lemma mat_norm_triple_power_le:
  assumes X: "mat_bounded n p X"
  shows "mat_norm n p (triple_power n p X m) \<le> mat_norm n p X ^ (2 * m + 1)"
proof (induction m)
  case (Suc m)
  have "mat_norm n p (triple_power n p X (Suc m)) \<le>
      mat_norm n p X * mat_norm n p X * mat_norm n p (triple_power n p X m)"
    using mat_norm_triple_le[OF X X mat_bounded_triple_power[OF X]] by simp
  also have "\<dots> \<le> mat_norm n p X * mat_norm n p X * mat_norm n p X ^ (2 * m + 1)"
    using Suc.IH mat_norm_nonneg[OF X] by (intro mult_left_mono) auto
  finally show ?case by (simp add: power2_eq_square)
qed simp

text \<open>For \<open>M > \<parallel>X\<parallel>\<^sup>2\<close> this Neumann series solves \<open>M L = X + X X\<^sup>* L\<close>.\<close>
definition resolvent_series ::
  "real \<Rightarrow> nat \<Rightarrow> nat \<Rightarrow> (nat \<Rightarrow> nat \<Rightarrow> ('a::chilbert_space \<Rightarrow> 'b::chilbert_space)) \<Rightarrow>
    nat \<Rightarrow> nat \<Rightarrow> ('a \<Rightarrow> 'b)" where
  "resolvent_series M n p X = (\<lambda>i k x. \<Sum>m. (inverse M ^ Suc m) *\<^sub>R triple_power n p X m i k x)"

context
  fixes n p :: nat and M :: real and X :: "nat \<Rightarrow> nat \<Rightarrow> ('a::chilbert_space \<Rightarrow> 'b::chilbert_space)"
  assumes X: "mat_bounded n p X" and M: "(mat_norm n p X)\<^sup>2 < M"
begin

lemma resolvent_series_ratio:
  "0 < M" "0 \<le> inverse M * mat_norm n p X"
  "0 \<le> inverse M * (mat_norm n p X)\<^sup>2" "inverse M * (mat_norm n p X)\<^sup>2 < 1"
proof -
  show "0 < M" using M zero_le_power2[of "mat_norm n p X"] by linarith
  then show "0 \<le> inverse M * mat_norm n p X" "0 \<le> inverse M * (mat_norm n p X)\<^sup>2"
    "inverse M * (mat_norm n p X)\<^sup>2 < 1"
    using M mat_norm_nonneg[OF X] by (simp_all add: field_simps)
qed

lemma resolvent_series_term_bound:
  assumes "i < n" "k < p"
  shows "norm ((inverse M ^ Suc m) *\<^sub>R triple_power n p X m i k x) \<le>
    (inverse M * mat_norm n p X) * (inverse M * (mat_norm n p X)\<^sup>2) ^ m * norm x"
proof -
  define r where "r = inverse M"
  define a where "a = mat_norm n p X"
  have "0 < r" using resolvent_series_ratio(1) by (simp add: r_def)
  have "norm (r ^ Suc m *\<^sub>R triple_power n p X m i k x) = r ^ Suc m * norm (triple_power n p X m i k x)"
    using \<open>0 < r\<close> by simp
  also have "norm (triple_power n p X m i k x) \<le> mat_norm n p (triple_power n p X m) * norm x"
    by (rule norm_entry_le_mat_norm[OF mat_bounded_triple_power[OF X] assms])
  also have "\<dots> \<le> a ^ (2 * m + 1) * norm x"
    unfolding a_def by (rule mult_right_mono[OF mat_norm_triple_power_le[OF X] norm_ge_zero])
  also have "r ^ Suc m * (a ^ (2 * m + 1) * norm x) = (r * a) * (r * a\<^sup>2) ^ m * norm x"
  proof -
    have "a ^ (2 * m + 1) = a * (a\<^sup>2) ^ m" by (simp add: power_mult)
    then show ?thesis by (simp only: power_Suc power_mult_distrib mult_ac)
  qed
  finally show ?thesis using \<open>0 < r\<close> by (simp add: mult_left_mono r_def a_def)
qed

lemma resolvent_series_summable:
  assumes "i < n" "k < p"
  shows "summable (\<lambda>m. (inverse M ^ Suc m) *\<^sub>R triple_power n p X m i k x)"
proof (rule operator_series_summable[where c="\<lambda>m x. (inverse M ^ Suc m) *\<^sub>R triple_power n p X m i k x"])
  show "bounded_op (\<lambda>x. inverse M ^ Suc m *\<^sub>R triple_power n p X m i k x)" for m
    using mat_bounded_triple_power[OF X] assms by (simp add: mat_bounded_def bounded_op_scaleR)
qed (use resolvent_series_term_bound[OF assms] resolvent_series_ratio in auto)

lemma resolvent_series_equation:
  assumes "i < n" "k < p"
  shows "M *\<^sub>R resolvent_series M n p X i k x = X i k x + mat_triple n p X X (resolvent_series M n p X) i k x"
proof -
  define c where "c = (\<lambda>m i k x. (inverse M ^ Suc m) *\<^sub>R triple_power n p X m i k x)"
  have "0 < M" by (rule resolvent_series_ratio(1))
  have summable: "summable (\<lambda>m. c m i k x)" if "i < n" "k < p" for i k x
    unfolding c_def using that by (rule resolvent_series_summable)
  have step: "M *\<^sub>R c (Suc m) i k x = mat_triple n p X X (c m) i k x" for m
  proof -
    have "M *\<^sub>R c (Suc m) i k x = inverse M ^ Suc m *\<^sub>R triple_power n p X (Suc m) i k x"
      using \<open>0 < M\<close> by (simp add: c_def field_simps)
    also have "\<dots> = mat_triple n p X X (c m) i k x"
      using mat_triple_scaleR_right[OF X X \<open>i < n\<close>] by (simp add: c_def)
    finally show ?thesis .
  qed
  have "M *\<^sub>R resolvent_series M n p X i k x = M *\<^sub>R (\<Sum>m. c m i k x)"
    by (simp add: resolvent_series_def c_def)
  also have "\<dots> = (\<Sum>m. M *\<^sub>R c m i k x)"
    by (rule suminf_scaleR_right[OF summable[OF assms]])
  also have "\<dots> = M *\<^sub>R c 0 i k x + (\<Sum>m. M *\<^sub>R c (Suc m) i k x)"
    using suminf_split_head[OF summable_scaleR_right[OF summable[OF assms], of M]] by simp
  also have "M *\<^sub>R c 0 i k x = X i k x"
    using \<open>0 < M\<close> by (simp add: c_def)
  also have "(\<Sum>m. M *\<^sub>R c (Suc m) i k x) = (\<Sum>m. mat_triple n p X X (c m) i k x)"
    by (simp only: step)
  also have "\<dots> = mat_triple n p X X (resolvent_series M n p X) i k x"
    using mat_triple_suminf[OF X X \<open>i < n\<close>, of "\<lambda>m l k x. c m l k x" k x] summable \<open>k < p\<close>
    by (simp add: resolvent_series_def c_def)
  finally show ?thesis .
qed

end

* What needs to be done
Each line above is to be copied exactly as written.

* Response to this exercise
lemma mat_norm_triple_power_le:
  assumes X: "mat_bounded n p X"
  shows "mat_norm n p (triple_power n p X m) \<le> mat_norm n p X ^ (2 * m + 1)"
proof (induction m)
  case (Suc m)
  have "mat_norm n p (triple_power n p X (Suc m)) \<le>
      mat_norm n p X * mat_norm n p X * mat_norm n p (triple_power n p X m)"
    using mat_norm_triple_le[OF X X mat_bounded_triple_power[OF X]] by simp
  also have "\<dots> \<le> mat_norm n p X * mat_norm n p X * mat_norm n p X ^ (2 * m + 1)"
    using Suc.IH mat_norm_nonneg[OF X] by (intro mult_left_mono) auto
  finally show ?case by (simp add: power2_eq_square)
qed simp

text \<open>For \<open>M > \<parallel>X\<parallel>\<^sup>2\<close> this Neumann series solves \<open>M L = X + X X\<^sup>* L\<close>.\<close>
definition resolvent_series ::
  "real \<Rightarrow> nat \<Rightarrow> nat \<Rightarrow> (nat \<Rightarrow> nat \<Rightarrow> ('a::chilbert_space \<Rightarrow> 'b::chilbert_space)) \<Rightarrow>
    nat \<Rightarrow> nat \<Rightarrow> ('a \<Rightarrow> 'b)" where
  "resolvent_series M n p X = (\<lambda>i k x. \<Sum>m. (inverse M ^ Suc m) *\<^sub>R triple_power n p X m i k x)"

context
  fixes n p :: nat and M :: real and X :: "nat \<Rightarrow> nat \<Rightarrow> ('a::chilbert_space \<Rightarrow> 'b::chilbert_space)"
  assumes X: "mat_bounded n p X" and M: "(mat_norm n p X)\<^sup>2 < M"
begin

lemma resolvent_series_ratio:
  "0 < M" "0 \<le> inverse M * mat_norm n p X"
  "0 \<le> inverse M * (mat_norm n p X)\<^sup>2" "inverse M * (mat_norm n p X)\<^sup>2 < 1"
proof -
  show "0 < M" using M zero_le_power2[of "mat_norm n p X"] by linarith
  then show "0 \<le> inverse M * mat_norm n p X" "0 \<le> inverse M * (mat_norm n p X)\<^sup>2"
    "inverse M * (mat_norm n p X)\<^sup>2 < 1"
    using M mat_norm_nonneg[OF X] by (simp_all add: field_simps)
qed

lemma resolvent_series_term_bound:
  assumes "i < n" "k < p"
  shows "norm ((inverse M ^ Suc m) *\<^sub>R triple_power n p X m i k x) \<le>
    (inverse M * mat_norm n p X) * (inverse M * (mat_norm n p X)\<^sup>2) ^ m * norm x"
proof -
  define r where "r = inverse M"
  define a where "a = mat_norm n p X"
  have "0 < r" using resolvent_series_ratio(1) by (simp add: r_def)
  have "norm (r ^ Suc m *\<^sub>R triple_power n p X m i k x) = r ^ Suc m * norm (triple_power n p X m i k x)"
    using \<open>0 < r\<close> by simp
  also have "norm (triple_power n p X m i k x) \<le> mat_norm n p (triple_power n p X m) * norm x"
    by (rule norm_entry_le_mat_norm[OF mat_bounded_triple_power[OF X] assms])
  also have "\<dots> \<le> a ^ (2 * m + 1) * norm x"
    unfolding a_def by (rule mult_right_mono[OF mat_norm_triple_power_le[OF X] norm_ge_zero])
  also have "r ^ Suc m * (a ^ (2 * m + 1) * norm x) = (r * a) * (r * a\<^sup>2) ^ m * norm x"
  proof -
    have "a ^ (2 * m + 1) = a * (a\<^sup>2) ^ m" by (simp add: power_mult)
    then show ?thesis by (simp only: power_Suc power_mult_distrib mult_ac)
  qed
  finally show ?thesis using \<open>0 < r\<close> by (simp add: mult_left_mono r_def a_def)
qed

lemma resolvent_series_summable:
  assumes "i < n" "k < p"
  shows "summable (\<lambda>m. (inverse M ^ Suc m) *\<^sub>R triple_power n p X m i k x)"
proof (rule operator_series_summable[where c="\<lambda>m x. (inverse M ^ Suc m) *\<^sub>R triple_power n p X m i k x"])
  show "bounded_op (\<lambda>x. inverse M ^ Suc m *\<^sub>R triple_power n p X m i k x)" for m
    using mat_bounded_triple_power[OF X] assms by (simp add: mat_bounded_def bounded_op_scaleR)
qed (use resolvent_series_term_bound[OF assms] resolvent_series_ratio in auto)

lemma resolvent_series_equation:
  assumes "i < n" "k < p"
  shows "M *\<^sub>R resolvent_series M n p X i k x = X i k x + mat_triple n p X X (resolvent_series M n p X) i k x"
proof -
  define c where "c = (\<lambda>m i k x. (inverse M ^ Suc m) *\<^sub>R triple_power n p X m i k x)"
  have "0 < M" by (rule resolvent_series_ratio(1))
  have summable: "summable (\<lambda>m. c m i k x)" if "i < n" "k < p" for i k x
    unfolding c_def using that by (rule resolvent_series_summable)
  have step: "M *\<^sub>R c (Suc m) i k x = mat_triple n p X X (c m) i k x" for m
  proof -
    have "M *\<^sub>R c (Suc m) i k x = inverse M ^ Suc m *\<^sub>R triple_power n p X (Suc m) i k x"
      using \<open>0 < M\<close> by (simp add: c_def field_simps)
    also have "\<dots> = mat_triple n p X X (c m) i k x"
      using mat_triple_scaleR_right[OF X X \<open>i < n\<close>] by (simp add: c_def)
    finally show ?thesis .
  qed
  have "M *\<^sub>R resolvent_series M n p X i k x = M *\<^sub>R (\<Sum>m. c m i k x)"
    by (simp add: resolvent_series_def c_def)
  also have "\<dots> = (\<Sum>m. M *\<^sub>R c m i k x)"
    by (rule suminf_scaleR_right[OF summable[OF assms]])
  also have "\<dots> = M *\<^sub>R c 0 i k x + (\<Sum>m. M *\<^sub>R c (Suc m) i k x)"
    using suminf_split_head[OF summable_scaleR_right[OF summable[OF assms], of M]] by simp
  also have "M *\<^sub>R c 0 i k x = X i k x"
    using \<open>0 < M\<close> by (simp add: c_def)
  also have "(\<Sum>m. M *\<^sub>R c (Suc m) i k x) = (\<Sum>m. mat_triple n p X X (c m) i k x)"
    by (simp only: step)
  also have "\<dots> = mat_triple n p X X (resolvent_series M n p X) i k x"
    using mat_triple_suminf[OF X X \<open>i < n\<close>, of "\<lambda>m l k x. c m l k x" k x] summable \<open>k < p\<close>
    by (simp add: resolvent_series_def c_def)
  finally show ?thesis .
qed

end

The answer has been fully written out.